Велико число усопших, господи, и когда думаешь о них, невозможно не спросить, как же все они умещаются на таком маленьком кладбище? Но вот умещаются. Мертвые, закопанные в землю, смешиваются с землей, сами становятся землей, и в ту землю снова закапывают других мертвых, все время новых и новых, и они в свою очередь и в свое время тоже превращаются в землю… Мама умерла… И не так уж много утечет воды в Кэлмэцуе, как и она станет землей… станет прахом…
— Илие, Илие… Зачем ты умер, Илие? Ты умер, Илие… На кого ты покинул меня, Илие?
Моя сестра Евангелина тихо говорит:
— Это Марица Крынгуш. Не прошло еще недели, как ее муж утонул в Дунае. Он грузил на баржи зерно, упал в Дунай, течение затянуло его, и он утонул.
— Сколько детей осталось после него? — спрашиваю я сестру.
— Только пятеро, — отвечает она, — только пятеро. Могло бы остаться и больше, но двоих Марица сбросила. Чокоша поставила ей на живот горшок, и она двоих сбросила. Сама чуть от этого не умерла, да вот жива осталась.
— Это хорошо, — говорю я, — хорошо, что не умерла.
— Чем же это хорошо?
— Откуда мне знать? Просто так говорю.
У нас в Омиде, в тесной и скудной долине Кэлмэцуя, многие говорят, что лучше умереть, чем жить. И вовсе не шутят.
Уже к вечеру явился поглядеть на усопшую и мой брат Ион, адвентист. С ним, конечно, притащилась и его жена Оленка. Они здороваются с отцом за руку и говорят:
— Батюшка, мы очень опечалены, что умерла мама… Мы очень опечалены тем, что мама умерла, и нам очень тяжело, что ты, человек еще молодой, остался вдовцом.
— Так было суждено, — отвечает отец, — с судьбой не поспоришь, так уж было суждено!

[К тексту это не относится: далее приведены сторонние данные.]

lemma det_stacked_rows_mat:
  fixes t :: "nat \<Rightarrow> nat \<Rightarrow> 'a::comm_ring_1"
  assumes lower_zero: "\<And>l k. k < l \<Longrightarrow> t l k = 0" and diag_one: "\<And>l. t l l = 1"
    and split: "index_split K C n" and "length K = d"
  shows "det (stacked_rows_mat n d u t C) = det (signed_col_minor d (\<lambda>i. unitri_coeffs t (u i)) K)"
proof -
  let ?Z = "unit_rows_mat n d (\<lambda>i. unitri_coeffs t (u i)) C"
  let ?T = "mat n n (\<lambda>(l, k). t l k)"
  have "set C \<subseteq> {..<n}" and "length C + d = n"
    using split index_split_length[OF split] \<open>length K = d\<close> by (auto simp: index_split_def)
  then have "det (stacked_rows_mat n d u t C) = det (?Z * ?T)"
    by (simp only: stacked_rows_mat_unitri_factor[of t, OF lower_zero diag_one])
  also have "\<dots> = det ?Z * det ?T"
    by (rule det_mult[of _ n]) (auto simp: stacked_rows_mat_def)
  also have "\<dots> = det (signed_col_minor d (\<lambda>i. unitri_coeffs t (u i)) K)"
    using det_unitri_mat[of t, OF lower_zero diag_one] det_stacked_unit_rows[OF split \<open>length K = d\<close>]
    by simp
  finally show ?thesis .
qed

section \<open>Frobenius coordinates of a Young diagram\<close>

lemma down_closed_eq_atLeastAtMost:
  fixes S :: "nat set"
  assumes "finite S" and "\<And>i. i \<in> S \<Longrightarrow> 1 \<le> i"
    and "\<And>i j. i \<in> S \<Longrightarrow> 1 \<le> j \<Longrightarrow> j \<le> i \<Longrightarrow> j \<in> S"
  shows "S = {1..card S}"
proof (cases "S = {}")
  case False
  then have max: "Max S \<in> S"
    using assms(1) by simp
  have "S = {1..Max S}"
  proof
    show "S \<subseteq> {1..Max S}"
      using assms(1,2) by auto
    show "{1..Max S} \<subseteq> S"
      using assms(3)[OF max] by auto
  qed
  moreover have "card {1..Max S} = Max S"
    by simp
  ultimately show ?thesis
    by metis
qed simp

lemma part_eq_0: "length mu < i \<Longrightarrow> part mu i = 0"
  by (simp add: part_def)

lemma le_part_imp_le_length:
  assumes "1 \<le> j" and "j \<le> part mu i"
  shows "i \<le> length mu"
proof (rule ccontr)
  assume "\<not> i \<le> length mu"
  then have "part mu i = 0"
    by (simp add: part_eq_0)
  with assms show False
    by simp
qed

lemma conj_part_le_length: "conj_part mu j \<le> length mu"
proof -
  have "conj_part mu j \<le> card {1..length mu}"
    unfolding conj_part_def by (rule card_mono) auto
  then show ?thesis
    by simp
qed

definition frob_q_list :: "nat list \<Rightarrow> nat list" where
  "frob_q_list mu = map (\<lambda>j. frob_q mu (Suc j)) [0..<frob_d mu]"

definition short_row_offsets :: "nat list \<Rightarrow> nat list" where
  "short_row_offsets mu = map (\<lambda>i. i - part mu (Suc i)) [frob_d mu..<length mu]"

locale young_diagram =
  fixes mu :: "nat list"
  assumes young: "young mu"
begin

lemma part_antimono:
  assumes "1 \<le> i" and "i \<le> j"
  shows "part mu j \<le> part mu i"
proof (cases "j \<le> length mu")
  case True
  have "sorted_wrt (\<ge>) mu"
    using young by (simp add: young_def)
  then have "mu ! (j - 1) \<le> mu ! (i - 1)"
    using assms True by (cases "i = j") (auto simp: sorted_wrt_iff_nth_less)
  then show ?thesis
    using assms True by (simp add: part_def)
qed (simp add: part_eq_0)

lemma conj_part_rows:
  assumes "1 \<le> j"
  shows "{i. 1 \<le> i \<and> i \<le> length mu \<and> j \<le> part mu i} = {1..conj_part mu j}"
  unfolding conj_part_def
proof (rule down_closed_eq_atLeastAtMost)
  show "finite {i. 1 \<le> i \<and> i \<le> length mu \<and> j \<le> part mu i}"
    by (rule finite_subset[of _ "{..length mu}"]) auto
  fix i k
  assume "i \<in> {i. 1 \<le> i \<and> i \<le> length mu \<and> j \<le> part mu i}" "1 \<le> k" "k \<le> i"
  then show "k \<in> {i. 1 \<le> i \<and> i \<le> length mu \<and> j \<le> part mu i}"
    using part_antimono[of k i] by auto
qed auto

lemma le_conj_part_iff:
  assumes "1 \<le> i" and "1 \<le> j"
  shows "i \<le> conj_part mu j \<longleftrightarrow> j \<le> part mu i"
proof -
  have "i \<le> conj_part mu j \<longleftrightarrow> i \<in> {i. 1 \<le> i \<and> i \<le> length mu \<and> j \<le> part mu i}"
    using conj_part_rows[OF assms(2)] assms(1) by simp
  also have "\<dots> \<longleftrightarrow> j \<le> part mu i"
    using assms le_part_imp_le_length[OF assms(2)] by auto
  finally show ?thesis .
qed
(* Consider a PWA system, as defined in the context, satisfying (A1)–(A6) with known global dynamical relative degree $\mu=2$. Then its inverse is given by the explicit, anticausal PWA system $x_{k+1}=\overline{\mathbf{A}}_k x_k+\overline{\mathbf{B}}_k y_{k+2}+\overline{\mathbf{F}}_k$, $u_k=\overline{\mathbf{C}}_k x_k+\overline{\mathbf{D}}_k y_{k+2}+\overline{\mathbf{G}}_k$, where $\overline{\mathbf{D}}_k=(C_{k+2}\mathbf{A}_{k+1}\mathbf{B}_k)^{-1}$, $\overline{\mathbf{C}}_k=-\overline{\mathbf{D}}_kC_{k+2}\mathbf{A}_{k+1}\mathbf{A}_k$, $\overline{\mathbf{G}}_k=-\overline{\mathbf{D}}_k(C_{k+2}\mathbf{A}_{k+1}\mathbf{F}_k+C_{k+2}\mathbf{F}_{k+1}+G_{k+2})$, $\overline{\mathbf{A}}_k=\mathbf{A}_k+\mathbf{B}_k\overline{\mathbf{C}}_k$, $\overline{\mathbf{B}}_k=\mathbf{B}_k\overline{\mathbf{D}}_k$, $\overline{\mathbf{F}}_k=\mathbf{F}_k+\mathbf{B}_k\overline{\mathbf{G}}_k$; here the location at time $k+1$ (which determines $\mathbf{A}_{k+1}$ and $\mathbf{F}_{k+1}$) does not depend on $u_k$.
   Context: A discrete-time piecewise affine (PWA) system is $x_{k+1}=\mathbf{A}_k x_k+\mathbf{B}_k u_k+\mathbf{F}_k$, $y_k=\mathbf{C}_k x_k+\mathbf{D}_k u_k+\mathbf{G}_k$, $k\in\mathbb{Z}$, with state $x_k\in\mathbb{R}^{n_x}$, input $u_k\in\mathbb{R}^{n_u}$, output $y_k\in\mathbb{R}^{n_y}$. For each $M\in\{A,B,F,C,D,G\}$, $\mathbf{M}_k=\sum_{q=1}^{|Q|} M_{q,k}K_q(\delta_k)$, where the $M_{q,k}$ are real matrices (possibly time-varying), $\delta_k=\delta(x_k)=H(Px_k-\theta)$ with $H$ the elementwise Heaviside step function, $P\in\mathbb{R}^{n_P\times n_x}$, $\theta\in\mathbb{R}^{n_P}$, and $K_q(\delta)=1$ if $\delta\in\Delta^*_q$ and $0$ otherwise ($\Delta^*_q$ a set of binary vectors). The locations $Q_q=\{x:\delta(x)\in\Delta^*_q\}$ are disjoint, have union $\mathbb{R}^{n_x}$, and each is a union of disjoint convex polytopes. The $q$-th component model is the affine system with matrices $A_{q,k},\dots,G_{q,k}$ and relative degree $\mu_q$ (number of time steps for an input value to influence the output). Global dynamical relative degree: the smallest integer $\mu\ge 0$ such that the explicit expression of $y_{k+\mu}$ in terms of the component matrices, the selector functions $K_q$, $x_k$ and $u_i$ ($i\ge k$) contains $u_k$ outside of a selector function for every switching sequence on time steps $k,\dots,k+\mu$. Assumptions: (A1) $x_0$ lies in the set of initial conditions from which every location is reachable in finite time; (A2) single-input single-output; (A3) switching depends only on the state, not the input; (A4) all component models have the same relative degree $\mu_c$ for all $q$ and $k$; (A5) $\mathbf{C}_k=C_k$, $\mathbf{D}_k=D_k$, $\mathbf{G}_k=G_k$, identical for all locations and known for all $k$; (A6) output-based switching with time-invariant output function: $P=P_o\mathbf{C}_k$ and $\theta=\theta_o-P_o\mathbf{G}_k$ with $\mathbf{C}_k=C$, $\mathbf{G}_k=G$ for all $k$, where $P_o,\theta_o$ contain orientation vectors and offsets of hyperplanes in the output space. The inverse is explicit in that $u_k$ and $x_{k+1}$ are computable directly from $x_k$ and $y_{k+2}$; it is anticausal since $u_k$ depends on the future output $y_{k+2}$. *)

theory Defs
  imports "HOL-Analysis.Analysis"
begin

text \<open>Hyperplane index type 'p, location index type 'q (finite). For a location q and time k, A q k, B q k, F q k are the
component matrices (B and F are column vectors). C k is a row vector (stored as a
vector, applied with the inner product), D k, G k are scalars.\<close>

definition heav :: "real \<Rightarrow> real" where
  "heav s = (if s \<ge> 0 then 1 else 0)"

definition delta :: "real^'n^'p \<Rightarrow> real^'p \<Rightarrow> real^'n \<Rightarrow> real^'p" where
  "delta P \<theta> x = (\<chi> i. heav ((P *v x - \<theta>) $ i))"

definition Ksel :: "('q \<Rightarrow> (real^'p) set) \<Rightarrow> 'q \<Rightarrow> real^'p \<Rightarrow> real" where
  "Ksel \<Delta> q d = (if d \<in> \<Delta> q then 1 else 0)"

text \<open>Bold PWA matrix M_k = sum_q M_{q,k} K_q(delta(x_k)), as a function of k and x_k.\<close>
definition pwa_mat :: "('q::finite \<Rightarrow> int \<Rightarrow> 'a::real_vector) \<Rightarrow> ('q \<Rightarrow> (real^'p) set)
    \<Rightarrow> real^'n^'p \<Rightarrow> real^'p \<Rightarrow> int \<Rightarrow> real^'n \<Rightarrow> 'a" where
  "pwa_mat M \<Delta> P \<theta> k x = (\<Sum>q\<in>UNIV. Ksel \<Delta> q (delta P \<theta> x) *\<^sub>R M q k)"

definition loc_set :: "('q \<Rightarrow> (real^'p) set) \<Rightarrow> real^'n^'p \<Rightarrow> real^'p \<Rightarrow> 'q \<Rightarrow> (real^'n) set" where
  "loc_set \<Delta> P \<theta> q = {x. delta P \<theta> x \<in> \<Delta> q}"

text \<open>State trajectory of x_{k+1} = A_k x_k + B_k u_k + F_k from x_0 at time 0,
given the bold matrices as functions of time and current state; the argument n
is the time step (time int n).\<close>
primrec pwa_traj :: "(int \<Rightarrow> real^'n \<Rightarrow> real^'n^'n) \<Rightarrow> (int \<Rightarrow> real^'n \<Rightarrow> real^'n)
    \<Rightarrow> (int \<Rightarrow> real^'n \<Rightarrow> real^'n) \<Rightarrow> real^'n \<Rightarrow> (nat \<Rightarrow> real) \<Rightarrow> nat \<Rightarrow> real^'n" where
  "pwa_traj AA BB FF x0 v 0 = x0"
| "pwa_traj AA BB FF x0 v (Suc n) =
     AA (int n) (pwa_traj AA BB FF x0 v n) *v pwa_traj AA BB FF x0 v n
     + v n *\<^sub>R BB (int n) (pwa_traj AA BB FF x0 v n) + FF (int n) (pwa_traj AA BB FF x0 v n)"

text \<open>For a switching sequence qs (qs j = location at time k+j), the vector
A_{q_{m-1},k+m-1} ... A_{q_1,k+1} B_{q_0,k} (for m \<ge> 1) multiplying u_k in x_{k+m}.\<close>
fun inpvec :: "('q \<Rightarrow> int \<Rightarrow> real^'n^'n) \<Rightarrow> ('q \<Rightarrow> int \<Rightarrow> real^'n) \<Rightarrow> int
    \<Rightarrow> (nat \<Rightarrow> 'q) \<Rightarrow> nat \<Rightarrow> real^'n" where
  "inpvec A B k qs 0 = 0"
| "inpvec A B k qs (Suc 0) = B (qs 0) k"
| "inpvec A B k qs (Suc (Suc j)) = A (qs (Suc j)) (k + int (Suc j)) *v inpvec A B k qs (Suc j)"

text \<open>Coefficient of u_k (outside selector functions) in the explicit expression
of y_{k+m} for switching sequence qs.\<close>
definition uk_coef :: "('q \<Rightarrow> int \<Rightarrow> real^'n^'n) \<Rightarrow> ('q \<Rightarrow> int \<Rightarrow> real^'n) \<Rightarrow> (int \<Rightarrow> real^'n)
    \<Rightarrow> (int \<Rightarrow> real) \<Rightarrow> int \<Rightarrow> nat \<Rightarrow> (nat \<Rightarrow> 'q) \<Rightarrow> real" where
  "uk_coef A B C D k m qs = (if m = 0 then D k else C (k + int m) \<bullet> inpvec A B k qs m)"

definition global_rel_deg :: "('q \<Rightarrow> int \<Rightarrow> real^'n^'n) \<Rightarrow> ('q \<Rightarrow> int \<Rightarrow> real^'n) \<Rightarrow> (int \<Rightarrow> real^'n)
    \<Rightarrow> (int \<Rightarrow> real) \<Rightarrow> nat \<Rightarrow> bool" where
  "global_rel_deg A B C D \<mu> \<longleftrightarrow>
     (\<forall>k qs. uk_coef A B C D k \<mu> qs \<noteq> 0) \<and>
     (\<forall>m<\<mu>. \<not> (\<forall>k qs. uk_coef A B C D k m qs \<noteq> 0))"

definition comp_rel_deg :: "('q \<Rightarrow> int \<Rightarrow> real^'n^'n) \<Rightarrow> ('q \<Rightarrow> int \<Rightarrow> real^'n) \<Rightarrow> (int \<Rightarrow> real^'n)
    \<Rightarrow> (int \<Rightarrow> real) \<Rightarrow> 'q \<Rightarrow> int \<Rightarrow> nat \<Rightarrow> bool" where
  "comp_rel_deg A B C D q k \<mu> \<longleftrightarrow>
     uk_coef A B C D k \<mu> (\<lambda>_. q) \<noteq> 0 \<and> (\<forall>m<\<mu>. uk_coef A B C D k m (\<lambda>_. q) = 0)"

definition outer :: "real^'n \<Rightarrow> real^'n \<Rightarrow> real^'n^'n" where
  "outer b c = (\<chi> i j. b $ i * c $ j)"

end

theory Submission
  imports Defs
begin

text \<open>The common relative degree of the component models is forced to be the global one,
2: below 2 the coefficient of \<open>u\<^sub>k\<close> depends only on the current location, and above 2
it would vanish in \<open>y\<^sub>k\<^sub>+\<^sub>2\<close> for constant switching. Hence \<open>C\<close> annihilates every
\<open>B q k\<close> and \<open>D = 0\<close>, while \<open>C A\<^sub>q\<^sub>' B\<^sub>q \<noteq> 0\<close> for every pair of locations. As the
switching hyperplanes are level sets of the output, moving \<open>x\<^sub>k\<^sub>+\<^sub>1\<close> along \<open>B\<^sub>k\<close> does
not change its location, which therefore does not depend on \<open>u\<^sub>k\<close>. Expanding \<open>y\<^sub>k\<^sub>+\<^sub>2\<close>
through two state updates gives an affine equation in \<open>u\<^sub>k\<close> with coefficient
\<open>C A\<^sub>k\<^sub>+\<^sub>1 B\<^sub>k \<noteq> 0\<close>; solving it and feeding \<open>u\<^sub>k\<close> back into the state equation
yields the inverse system.\<close>

lemma vector_matrix_mult_inner: "((c::real^'n) v* M) \<bullet> z = c \<bullet> (M *v z)"
  by (simp add: vector_matrix_mult_def matrix_vector_mult_def inner_vec_def
      sum_distrib_left sum_distrib_right mult.assoc mult.left_commute)
     (rule sum.swap)
(* Consider the fading dirty paper channel over $\mathbb F_q$: at each channel use $\tau$ the receiver observes $(Y^{(\tau)},G^{(\tau)})$ with $Y^{(\tau)}=X^{(\tau)}+G^{(\tau)}\Theta^{(\tau)}$, where $X^{(\tau)}\in\mathbb F_q$ is the transmitted symbol, and $\Theta^{(\tau)},G^{(\tau)}$ are independent, uniform on $\mathbb F_q$, i.i.d. across channel uses and independent of the message; the whole sequence $\Theta^{[n]}$ is known to the transmitter in advance (non-causally) but not to the receiver, and $G^{[n]}$ is known to the receiver but not to the transmitter. Then the NS-assisted capacity is $C^{\mathrm{NS}}=\log_2 q$, while the classical capacity satisfies $C=o_q(\log_2 q)$, i.e. $C/\log_2q\to0$ as $q\to\infty$. In particular $C^{\mathrm{NS}}/C$ is unbounded as $q\to\infty$.
   Context: A message $W$ is uniform on a finite set $\mathcal M$. A classical scheme over $n$ uses: a stochastic encoder $X^{[n]}=\phi(W,\Theta^{[n]})$ and stochastic decoder $\hat W=\psi(Y^{[n]},G^{[n]})$. A bipartite non-signaling (NS) box is a conditional pmf $\mathcal Z(u,v\mid s,t)$ (finite output alphabets) such that the marginal of $u$ does not depend on $t$ and the marginal of $v$ does not depend on $s$. An NS-assisted scheme: the transmitter inputs $(W,\Theta^{[n]})$ to the box and obtains $X^{[n]}$, the receiver inputs $(Y^{[n]},G^{[n]})$ and obtains $\hat W$. A rate $R$ is achievable if some sequence of schemes has $\Pr(\hat W\ne W)\to0$ and $\lim\frac1n\log_2|\mathcal M^{(n)}|\ge R$; the capacity is the supremum of achievable rates. *)

theory Defs
  imports "HOL-Algebra.Ring" "HOL-Probability.Probability_Mass_Function"
begin
lemma fano_bound_at_uniform:
  assumes b: "b > 1" and N: "1 \<le> N"
  shows "fano_bound b (real N) (1 - 1 / real N) = log b (real N)"
proof (cases "N = 1")
  case False
  then have N2: "real N \<ge> 2" using N by simp
  have "1 - 1 / real N = (real N - 1) / real N" using N2 by (simp add: field_simps)
  then have log_1: "log b (1 - 1 / real N) = log b (real N - 1) - log b (real N)"
    using N2 by (simp add: log_divide)
  have log_2: "log b (1 / real N) = - log b (real N)" using N2 by (simp add: log_divide)
  show ?thesis
    unfolding fano_bound_def bin_ent_def log_1 by (simp add: algebra_simps log_2)
qed (simp add: fano_bound_def bin_ent_def)

lemma fano_bound_mono:
  assumes b: "b > 1" and N: "1 \<le> N" and xy: "0 \<le> x" "x \<le> y" and y: "y \<le> 1 - 1 / real N"
  shows "fano_bound b (real N) x \<le> fano_bound b (real N) y"
proof (cases "x = 0")
  case True
  have "0 < 1 / real N" using N by simp
  then have "y \<le> 1" using y by linarith
  then show ?thesis
    using True fano_bound_nonneg[OF b, of y N] xy y by (simp add: fano_bound_def bin_ent_def)
next
  case False
  then have x0: "0 < x" using xy by simp
  have "0 < 1 / real N" using N by simp
  then have y1: "y < 1" using y by linarith
  then have N2: "real N \<ge> 2" using x0 xy y N by (cases "N = 1") auto
  define c where "c = log b (real N - 1)"
  define f where "f z = z * c + (- z * log b z - (1 - z) * log b (1 - z))" for z
  have "f x \<le> f y"
  proof (rule DERIV_nonneg_imp_increasing_open[OF xy(2)])
    fix z assume z: "x < z" "z < y"
    then have z01: "0 < z" "z < 1" using x0 y1 by auto
    have "(f has_real_derivative (c - log b z + log b (1 - z))) (at z)"
      unfolding f_def using z01 b by (auto intro!: derivative_eq_intros)
    moreover have "log b z \<le> c + log b (1 - z)"
    proof -
      have "z \<le> 1 - 1 / real N" using z y by linarith
      then have "z * real N \<le> real N - 1" using N2 by (simp add: field_simps)
      then have "z \<le> (real N - 1) * (1 - z)" by (simp add: algebra_simps)
      then have "log b z \<le> log b ((real N - 1) * (1 - z))" using z01 b N2 by simp
      then show ?thesis using z01 N2 by (simp add: c_def log_mult)
    qed
    ultimately show "\<exists>d. (f has_real_derivative d) (at z) \<and> 0 \<le> d" by auto
  next
    show "continuous_on {x..y} f"
      unfolding f_def using x0 y1 b by (intro continuous_intros) auto
  qed
  then show ?thesis by (simp add: f_def c_def fano_bound_def bin_ent_def)
qed

lemma fano_bound_mono_card:
  assumes b: "b > 1" and "0 \<le> x" and "1 \<le> M" "M \<le> N"
  shows "fano_bound b (real M) x \<le> fano_bound b (real N) x"
proof -
  have "log b (real M - 1) \<le> log b (real N - 1)"
  proof (cases "M = 1")
    case True
    then show ?thesis using log_of_nat_minus_1_nonneg[OF b, of N] by (simp add: log_def)
  next
    case False
    then show ?thesis using assms by simp
  qed
  then show ?thesis using assms by (simp add: fano_bound_def mult_left_mono)
qed

text \<open>The coupling glues \<open>p\<close> and \<open>q\<close> along their common part \<open>min p q\<close> and
  distributes the remaining mass \<open>tv_dist p q\<close> as a product off the diagonal.\<close>

lemma maximal_coupling:
  fixes p q :: "'a::finite \<Rightarrow> real"
  assumes p: "prob_vector p" and q: "prob_vector q"
  obtains J where "prob_vector J" "marg_fst J = p" "marg_snd J = q"
    "(\<Sum>a\<in>UNIV. J (a, a)) = 1 - tv_dist p q"
proof -
  define m where "m a = min (p a) (q a)" for a
  define e where "e = tv_dist p q"
  have p_m: "(\<Sum>a\<in>UNIV. p a - m a) = e"
    unfolding e_def tv_dist_def m_def by (intro sum.cong) auto
  moreover have "sum p UNIV = sum q UNIV" using p q by (simp add: prob_vector_sum)
  ultimately have q_m: "(\<Sum>a\<in>UNIV. q a - m a) = e" by (simp add: sum_subtractf)
  have p_m_le: "p a - m a \<le> e" for a
    unfolding p_m[symmetric] by (rule member_le_sum) (auto simp: m_def)
  have q_m_le: "q a - m a \<le> e" for a
    unfolding q_m[symmetric] by (rule member_le_sum) (auto simp: m_def)
  have cancel: "u * e / e = u" if "0 \<le> u" "u \<le> e" for u
    using that by (cases "e = 0") auto
  define J where
    "J z = (p (fst z) - m (fst z)) * (q (snd z) - m (snd z)) / e + (if fst z = snd z then m (fst z) else 0)"
    for z
  have "marg_fst J a = (p a - m a) * (\<Sum>c\<in>UNIV. q c - m c) / e + m a" for a
    by (simp add: marg_fst_def J_def sum.distrib sum_distrib_left sum_divide_distrib[symmetric])
  also have "\<dots> a = p a" for a
    unfolding q_m using cancel[of "p a - m a"] p_m_le[of a] by (simp add: m_def)
  finally have fst: "marg_fst J = p" ..
  have "marg_snd J c = (\<Sum>a\<in>UNIV. p a - m a) * (q c - m c) / e + m c" for c
    by (simp add: marg_snd_def J_def sum.distrib sum_distrib_right sum_divide_distrib[symmetric])
  also have "\<dots> c = q c" for c
    unfolding p_m using cancel[of "q c - m c"] q_m_le[of c] by (simp add: m_def mult.commute)
  finally have snd: "marg_snd J = q" ..
  have "0 \<le> J z" for z
    using p q tv_dist_nonneg[of p q] by (auto simp: J_def m_def e_def prob_vector_nonneg)
  moreover have "sum J UNIV = 1"
    using sum_marg_fst[of J "\<lambda>_. 1"] fst p by (simp add: prob_vector_sum)
  ultimately have "prob_vector J" by (simp add: prob_vector_def)
  moreover have "J (a, a) = m a" for a by (auto simp: J_def m_def min_def)
  then have "(\<Sum>a\<in>UNIV. J (a, a)) = 1 - tv_dist p q"
    using p_m p by (simp add: sum_subtractf prob_vector_sum e_def)
  ultimately show ?thesis using that fst snd by blast
qed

— Давно мы здесь не бывали, — произносит моя невестка Оленка, опуская глаза в землю. — Покойница не любила меня. С той поры как мы с Ионом перешли к адвентистам, покойница невзлюбила нас, даже смотреть на нас не хотела, а если и смотрела, то через силу.
— Да, — подтверждает отец, — такая она и была: не прощала, если дело касалось веры.
Отец молчит. Молчит и брат мой, Ион-адвентист. Молчит невестка моя Оленка. Снова гудят колокола: данг, данг, данг-динг, динг, динг!
Над селом опускаются сумерки. Невдалеке проходит поезд, длинный товарный состав. Над нами клубятся черные тучи дыма, пахнущие каменным углем. Прошел поезд, рассеялся и растворился в воздухе дым. Исчез запах каменного угля.
Мой брат-адвентист и моя невестка входят в дом, смешиваются с людьми, которыми набита комната. Потом они протискиваются к постели, на которой лежит мать, становятся на колени и целуют ее желтую, сухую и холодную руку…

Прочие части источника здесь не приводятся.